• [AIM OF THE TASK] Taking the line with "using assms(3) by" as the start, reproduce every line until the records end, exactly and with nothing added.

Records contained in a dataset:
>>>>
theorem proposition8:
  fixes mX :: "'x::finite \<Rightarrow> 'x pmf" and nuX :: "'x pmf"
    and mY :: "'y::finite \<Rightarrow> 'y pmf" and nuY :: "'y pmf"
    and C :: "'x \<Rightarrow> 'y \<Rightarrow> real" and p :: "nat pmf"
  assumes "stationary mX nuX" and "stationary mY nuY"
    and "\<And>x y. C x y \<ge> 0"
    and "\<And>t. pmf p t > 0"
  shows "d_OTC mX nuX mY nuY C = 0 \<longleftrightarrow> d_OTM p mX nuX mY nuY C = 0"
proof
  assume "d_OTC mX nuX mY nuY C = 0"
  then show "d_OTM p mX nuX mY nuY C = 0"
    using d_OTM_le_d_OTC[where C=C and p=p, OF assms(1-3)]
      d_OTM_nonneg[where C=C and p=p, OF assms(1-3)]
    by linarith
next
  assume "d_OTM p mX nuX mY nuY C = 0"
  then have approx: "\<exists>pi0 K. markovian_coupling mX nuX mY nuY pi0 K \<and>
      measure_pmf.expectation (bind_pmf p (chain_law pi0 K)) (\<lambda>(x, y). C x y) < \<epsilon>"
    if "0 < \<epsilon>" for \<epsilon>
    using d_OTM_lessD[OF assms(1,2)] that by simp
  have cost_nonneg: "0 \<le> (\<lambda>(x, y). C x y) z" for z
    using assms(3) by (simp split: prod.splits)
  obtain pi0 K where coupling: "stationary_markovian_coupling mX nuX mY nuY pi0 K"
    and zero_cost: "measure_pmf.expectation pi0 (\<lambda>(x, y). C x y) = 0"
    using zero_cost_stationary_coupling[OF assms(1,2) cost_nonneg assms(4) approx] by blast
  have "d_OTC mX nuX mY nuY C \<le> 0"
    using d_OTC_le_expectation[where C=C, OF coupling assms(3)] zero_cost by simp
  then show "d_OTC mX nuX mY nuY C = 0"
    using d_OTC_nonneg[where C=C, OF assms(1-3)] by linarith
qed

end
<<<<
• [OUTPUT BELOW]
    using assms(3) by (simp split: prod.splits)
  obtain pi0 K where coupling: "stationary_markovian_coupling mX nuX mY nuY pi0 K"
    and zero_cost: "measure_pmf.expectation pi0 (\<lambda>(x, y). C x y) = 0"
    using zero_cost_stationary_coupling[OF assms(1,2) cost_nonneg assms(4) approx] by blast
  have "d_OTC mX nuX mY nuY C \<le> 0"
    using d_OTC_le_expectation[where C=C, OF coupling assms(3)] zero_cost by simp
  then show "d_OTC mX nuX mY nuY C = 0"
    using d_OTC_nonneg[where C=C, OF assms(1-3)] by linarith
qed

end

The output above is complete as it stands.